→ Task to complete:
Within the material below, how many lines include "fact"? Answer with the count only.

[Exercise material — start]

definition is_functor ::
  "('o, 'm, 'x) cat_scheme \<Rightarrow> ('p, 'n, 'y) cat_scheme \<Rightarrow> ('o \<Rightarrow> 'p) \<Rightarrow> ('m \<Rightarrow> 'n) \<Rightarrow> bool" where
  "is_functor C D Fo Fm \<longleftrightarrow>
     (\<forall>A\<in>Obj C. Fo A \<in> Obj D) \<and>
     (\<forall>A B f. f \<in> Hom C A B \<longrightarrow> Fm f \<in> Hom D (Fo A) (Fo B)) \<and>
     (\<forall>A\<in>Obj C. Fm (Id C A) = Id D (Fo A)) \<and>
     (\<forall>A B E f g. f \<in> Hom C A B \<longrightarrow> g \<in> Hom C B E \<longrightarrow> Fm (Comp C g f) = Comp D (Fm g) (Fm f))"

definition additive_functor ::
  "('o, 'm, 'x) cat_scheme \<Rightarrow> ('p, 'n, 'y) cat_scheme \<Rightarrow> ('o \<Rightarrow> 'p) \<Rightarrow> ('m \<Rightarrow> 'n) \<Rightarrow> bool" where
  "additive_functor C D Fo Fm \<longleftrightarrow> is_functor C D Fo Fm \<and>
     (\<forall>A B f g. f \<in> Hom C A B \<longrightarrow> g \<in> Hom C A B \<longrightarrow> Fm (Add C f g) = Add D (Fm f) (Fm g))"

definition adjunction ::
  "('o, 'm, 'x) cat_scheme \<Rightarrow> ('p, 'n, 'y) cat_scheme \<Rightarrow>
   ('p \<Rightarrow> 'o) \<Rightarrow> ('n \<Rightarrow> 'm) \<Rightarrow> ('o \<Rightarrow> 'p) \<Rightarrow> ('m \<Rightarrow> 'n) \<Rightarrow>
   ('p \<Rightarrow> 'n) \<Rightarrow> ('o \<Rightarrow> 'm) \<Rightarrow> bool" where
  "adjunction C D Lo Lm Ro Rm u c \<longleftrightarrow>
     is_functor D C Lo Lm \<and> is_functor C D Ro Rm \<and>
     (\<forall>X\<in>Obj D. u X \<in> Hom D X (Ro (Lo X))) \<and>
     (\<forall>X Y f. f \<in> Hom D X Y \<longrightarrow> Comp D (Rm (Lm f)) (u X) = Comp D (u Y) f) \<and>
     (\<forall>Y\<in>Obj C. c Y \<in> Hom C (Lo (Ro Y)) Y) \<and>
     (\<forall>X Y f. f \<in> Hom C X Y \<longrightarrow> Comp C f (c X) = Comp C (c Y) (Lm (Rm f))) \<and>
     (\<forall>X\<in>Obj D. Comp C (c (Lo X)) (Lm (u X)) = Id C (Lo X)) \<and>
     (\<forall>Y\<in>Obj C. Comp D (Rm (c Y)) (u (Ro Y)) = Id D (Ro Y))"

definition cat_epi :: "('o, 'm, 'x) cat_scheme \<Rightarrow> 'm \<Rightarrow> bool" where
  "cat_epi C f \<longleftrightarrow> (\<exists>A B. f \<in> Hom C A B \<and>
     (\<forall>Y g h. g \<in> Hom C B Y \<longrightarrow> h \<in> Hom C B Y \<longrightarrow> Comp C g f = Comp C h f \<longrightarrow> g = h))"

definition cat_mono :: "('o, 'm, 'x) cat_scheme \<Rightarrow> 'm \<Rightarrow> bool" where
  "cat_mono C f \<longleftrightarrow> (\<exists>A B. f \<in> Hom C A B \<and>
     (\<forall>Y g h. g \<in> Hom C Y A \<longrightarrow> h \<in> Hom C Y A \<longrightarrow> Comp C f g = Comp C f h \<longrightarrow> g = h))"

definition rel_projective ::
  "('o, 'm, 'x) cat_scheme \<Rightarrow> ('m \<Rightarrow> 'n) \<Rightarrow> 'o \<Rightarrow> bool" where
  "rel_projective S Tm Q \<longleftrightarrow> Q \<in> Obj S \<and> (\<forall>X\<in>Obj S. inj_on Tm (Hom S Q X))"

definition rel_injective ::
  "('o, 'm, 'x) cat_scheme \<Rightarrow> ('m \<Rightarrow> 'n) \<Rightarrow> 'o \<Rightarrow> bool" where
  "rel_injective S Tm Q \<longleftrightarrow> Q \<in> Obj S \<and> (\<forall>X\<in>Obj S. inj_on Tm (Hom S X Q))"

inductive_set fin_sums_im ::
  "('o, 'm, 'x) cat_scheme \<Rightarrow> 'p set \<Rightarrow> ('p \<Rightarrow> 'o) \<Rightarrow> 'o set"
  for C :: "('o, 'm, 'x) cat_scheme" and ObjD :: "'p set" and Fo :: "'p \<Rightarrow> 'o" where
  zero: "zero_object C Z \<Longrightarrow> Z \<in> fin_sums_im C ObjD Fo"
| sum: "P \<in> fin_sums_im C ObjD Fo \<Longrightarrow> X \<in> ObjD \<Longrightarrow> biproduct C B P (Fo X)
        \<Longrightarrow> B \<in> fin_sums_im C ObjD Fo"

definition add_im :: "('o, 'm, 'x) cat_scheme \<Rightarrow> 'p set \<Rightarrow> ('p \<Rightarrow> 'o) \<Rightarrow> 'o set" where
  "add_im C ObjD Fo = {Q. \<exists>P\<in>fin_sums_im C ObjD Fo. \<exists>Q'. biproduct C P Q Q'}"

end

theory Submission
  imports Defs
begin

(* If T has a left adjoint L with unit u and counit c, the triangle identity makes T(c Q) a split
   epimorphism, so faithfulness of T on maps out of Q forces c Q to be epi; conversely, naturality
   gives f o c Q = c X o L(T f), so T f = T g implies f = g once c Q is epi. For Q = L X the counit
   is split by L(u X). Relative projectives are closed under zero objects, binary biproducts
   (f = f i1 p1 + f i2 p2) and retracts, which covers add(im L). Part (b) is part (a) for the
   opposite categories, where a right adjoint of T becomes a left adjoint of the opposite of T. *)

lemma cat_hom_objs: "category C \<Longrightarrow> f \<in> Hom C A B \<Longrightarrow> A \<in> Obj C \<and> B \<in> Obj C"
  unfolding category_def by (metis empty_iff)

lemma cat_hom_unique: "category C \<Longrightarrow> f \<in> Hom C A B \<Longrightarrow> f \<in> Hom C A' B' \<Longrightarrow> A = A' \<and> B = B'"
  unfolding category_def by (elim conjE) metis

lemma cat_comp_hom: "category C \<Longrightarrow> f \<in> Hom C A B \<Longrightarrow> g \<in> Hom C B D \<Longrightarrow> Comp C g f \<in> Hom C A D"
  unfolding category_def by (elim conjE) metis

lemma cat_comp_assoc:
  "category C \<Longrightarrow> f \<in> Hom C A B \<Longrightarrow> g \<in> Hom C B D \<Longrightarrow> h \<in> Hom C D E \<Longrightarrow>
   Comp C (Comp C h g) f = Comp C h (Comp C g f)"
  unfolding category_def by (elim conjE) metis

lemma cat_id_right: "category C \<Longrightarrow> f \<in> Hom C A B \<Longrightarrow> Comp C f (Id C A) = f"
  unfolding category_def by (elim conjE) metis

lemma functor_obj: "is_functor C D Fo Fm \<Longrightarrow> A \<in> Obj C \<Longrightarrow> Fo A \<in> Obj D"
  unfolding is_functor_def by blast

lemma functor_hom: "is_functor C D Fo Fm \<Longrightarrow> f \<in> Hom C A B \<Longrightarrow> Fm f \<in> Hom D (Fo A) (Fo B)"
  unfolding is_functor_def by blast

lemma functor_comp:
  "is_functor C D Fo Fm \<Longrightarrow> f \<in> Hom C A B \<Longrightarrow> g \<in> Hom C B E \<Longrightarrow>
   Fm (Comp C g f) = Comp D (Fm g) (Fm f)"
  unfolding is_functor_def by blast

lemma adjunction_left_functor: "adjunction C D Lo Lm Ro Rm u c \<Longrightarrow> is_functor D C Lo Lm"
  unfolding adjunction_def by blast

lemma adjunction_right_functor: "adjunction C D Lo Lm Ro Rm u c \<Longrightarrow> is_functor C D Ro Rm"
  unfolding adjunction_def by blast

lemma adjunction_unit_hom: "adjunction C D Lo Lm Ro Rm u c \<Longrightarrow> X \<in> Obj D \<Longrightarrow> u X \<in> Hom D X (Ro (Lo X))"
  unfolding adjunction_def by blast

lemma adjunction_counit_hom: "adjunction C D Lo Lm Ro Rm u c \<Longrightarrow> Y \<in> Obj C \<Longrightarrow> c Y \<in> Hom C (Lo (Ro Y)) Y"
  unfolding adjunction_def by blast

lemma adjunction_counit_natural:
  "adjunction C D Lo Lm Ro Rm u c \<Longrightarrow> f \<in> Hom C X Y \<Longrightarrow> Comp C f (c X) = Comp C (c Y) (Lm (Rm f))"
  unfolding adjunction_def by blast

lemma adjunction_triangle_left:
  "adjunction C D Lo Lm Ro Rm u c \<Longrightarrow> X \<in> Obj D \<Longrightarrow> Comp C (c (Lo X)) (Lm (u X)) = Id C (Lo X)"
  unfolding adjunction_def by blast

lemma adjunction_triangle_right:
  "adjunction C D Lo Lm Ro Rm u c \<Longrightarrow> Y \<in> Obj C \<Longrightarrow> Comp D (Rm (c Y)) (u (Ro Y)) = Id D (Ro Y)"
  unfolding adjunction_def by blast

lemma preadditive_category: "preadditive C \<Longrightarrow> category C"
  by (simp add: preadditive_def)

lemmas preadditive_hom_groups = preadditive_def[THEN iffD1, THEN conjunct2, THEN conjunct1]

lemma preadditive_comp_add_left:
  "preadditive C \<Longrightarrow> f \<in> Hom C A B \<Longrightarrow> g \<in> Hom C A B \<Longrightarrow> h \<in> Hom C B D \<Longrightarrow>
   Comp C h (Add C f g) = Add C (Comp C h f) (Comp C h g)"
  unfolding preadditive_def by blast

lemma preadditive_idem_eq_zero:
  assumes "preadditive C" and a: "a \<in> Hom C A B" and idem: "Add C a a = a"
  shows "a = Zero C A B"
proof -
  have "A \<in> Obj C" "B \<in> Obj C"
    using cat_hom_objs[OF preadditive_category[OF assms(1)] a] by auto
  with preadditive_hom_groups[OF assms(1)]
  have assoc: "Add C (Add C a a) (Neg C a) = Add C a (Add C a (Neg C a))"
    and add_neg: "Add C a (Neg C a) = Zero C A B" and add_zero: "Add C a (Zero C A B) = a"
    using a by blast+
  have "Zero C A B = Add C (Add C a a) (Neg C a)"
    using idem add_neg by simp
  also have "\<dots> = Add C a (Zero C A B)"
    using assoc add_neg by simp
  also have "\<dots> = a"
    using add_zero .
  finally show ?thesis ..
qed

lemma preadditive_comp_zero:
  assumes "preadditive C" and "A \<in> Obj C" and f: "f \<in> Hom C B X"
  shows "Comp C f (Zero C A B) = Zero C A X"
proof -
  have cat: "category C"
    using assms(1) by (rule preadditive_category)
  have "B \<in> Obj C"
    using cat_hom_objs[OF cat f] by simp
  with preadditive_hom_groups[OF assms(1)] assms(2)
  have zero: "Zero C A B \<in> Hom C A B" and "Add C (Zero C A B) (Zero C A B) = Zero C A B"
    by blast+
  then have "Add C (Comp C f (Zero C A B)) (Comp C f (Zero C A B)) = Comp C f (Zero C A B)"
    using preadditive_comp_add_left[OF assms(1) zero zero f] by simp
  then show ?thesis
    using preadditive_idem_eq_zero[OF assms(1) cat_comp_hom[OF cat zero f]] by simp
qed

lemma zero_object_hom_eq_zero:
  assumes "preadditive C" and "zero_object C Z" and f: "f \<in> Hom C Z X"
  shows "f = Zero C Z X"
proof -
  have Z: "Z \<in> Obj C" "Id C Z = Zero C Z Z"
    using assms(2) unfolding zero_object_def by auto
  have "f = Comp C f (Id C Z)"
    using cat_id_right[OF preadditive_category[OF assms(1)] f] by simp
  also have "\<dots> = Zero C Z X"
    using preadditive_comp_zero[OF assms(1) Z(1) f] Z(2) by simp
  finally show ?thesis .
qed

lemma split_epi_cat_epi:
  assumes cat: "category C" and e: "e \<in> Hom C A B" and s: "s \<in> Hom C B A"
    and split: "Comp C e s = Id C B"
  shows "cat_epi C e"
  unfolding cat_epi_def
proof (intro exI conjI allI impI)
  show "e \<in> Hom C A B" by (fact e)
  fix Y g h assume g: "g \<in> Hom C B Y" and h: "h \<in> Hom C B Y" and eq: "Comp C g e = Comp C h e"
  have "g = Comp C (Comp C g e) s"
    using cat_comp_assoc[OF cat s e g] cat_id_right[OF cat g] split by simp
  also have "\<dots> = h"
    using cat_comp_assoc[OF cat s e h] cat_id_right[OF cat h] split eq by simp
  finally show "g = h" .
qed

lemma cat_epiD:
  assumes "category C" and "cat_epi C e" and "e \<in> Hom C A B"
    and "g \<in> Hom C B Y" and "h \<in> Hom C B Y" and "Comp C g e = Comp C h e"
  shows "g = h"
  using assms cat_hom_unique unfolding cat_epi_def by metis

lemma rel_projectiveI:
  assumes "Q \<in> Obj C"
    and "\<And>X f g. X \<in> Obj C \<Longrightarrow> f \<in> Hom C Q X \<Longrightarrow> g \<in> Hom C Q X \<Longrightarrow> Fm f = Fm g \<Longrightarrow> f = g"
  shows "rel_projective C Fm Q"
  using assms unfolding rel_projective_def inj_on_def by blast

lemma rel_projectiveD:
  assumes "category C" and "rel_projective C Fm Q"
    and "f \<in> Hom C Q X" and "g \<in> Hom C Q X" and "Fm f = Fm g"
  shows "f = g"
  using assms cat_hom_objs unfolding rel_projective_def inj_on_def by metis

lemma rel_projective_iff_epi_counit:
  assumes S: "category S" and T: "category T" and adj: "adjunction S T Lo Lm Ro Rm u c"
    and Q: "Q \<in> Obj S"
  shows "rel_projective S Rm Q \<longleftrightarrow> cat_epi S (c Q)"
proof
  have R: "is_functor S T Ro Rm"
    using adj by (rule adjunction_right_functor)
  have cQ: "c Q \<in> Hom S (Lo (Ro Q)) Q"
    using adjunction_counit_hom[OF adj Q] .
  show "cat_epi S (c Q)" if proj: "rel_projective S Rm Q"
    unfolding cat_epi_def
  proof (intro exI conjI allI impI)
    show "c Q \<in> Hom S (Lo (Ro Q)) Q" by (fact cQ)
    fix Y g h assume g: "g \<in> Hom S Q Y" and h: "h \<in> Hom S Q Y" and eq: "Comp S g (c Q) = Comp S h (c Q)"
    have "cat_epi T (Rm (c Q))"
      using split_epi_cat_epi[OF T functor_hom[OF R cQ]
          adjunction_unit_hom[OF adj functor_obj[OF R Q]] adjunction_triangle_right[OF adj Q]] .
    moreover have "Comp T (Rm g) (Rm (c Q)) = Comp T (Rm h) (Rm (c Q))"
      using functor_comp[OF R cQ g] functor_comp[OF R cQ h] eq by simp
    ultimately have "Rm g = Rm h"
      using cat_epiD[OF T _ functor_hom[OF R cQ] functor_hom[OF R g] functor_hom[OF R h]] by blast
    then show "g = h"
      using rel_projectiveD[OF S proj g h] by blast
  qed
  show "rel_projective S Rm Q" if epi: "cat_epi S (c Q)"
  proof (rule rel_projectiveI[OF Q])
    fix X f g assume f: "f \<in> Hom S Q X" and g: "g \<in> Hom S Q X" and eq: "Rm f = Rm g"
    have "Comp S f (c Q) = Comp S g (c Q)"
      using adjunction_counit_natural[OF adj f] adjunction_counit_natural[OF adj g] eq by simp
    then show "f = g"
      using cat_epiD[OF S epi cQ f g] by blast
  qed
qed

[Exercise material — finish]

→ Answer to this task:
2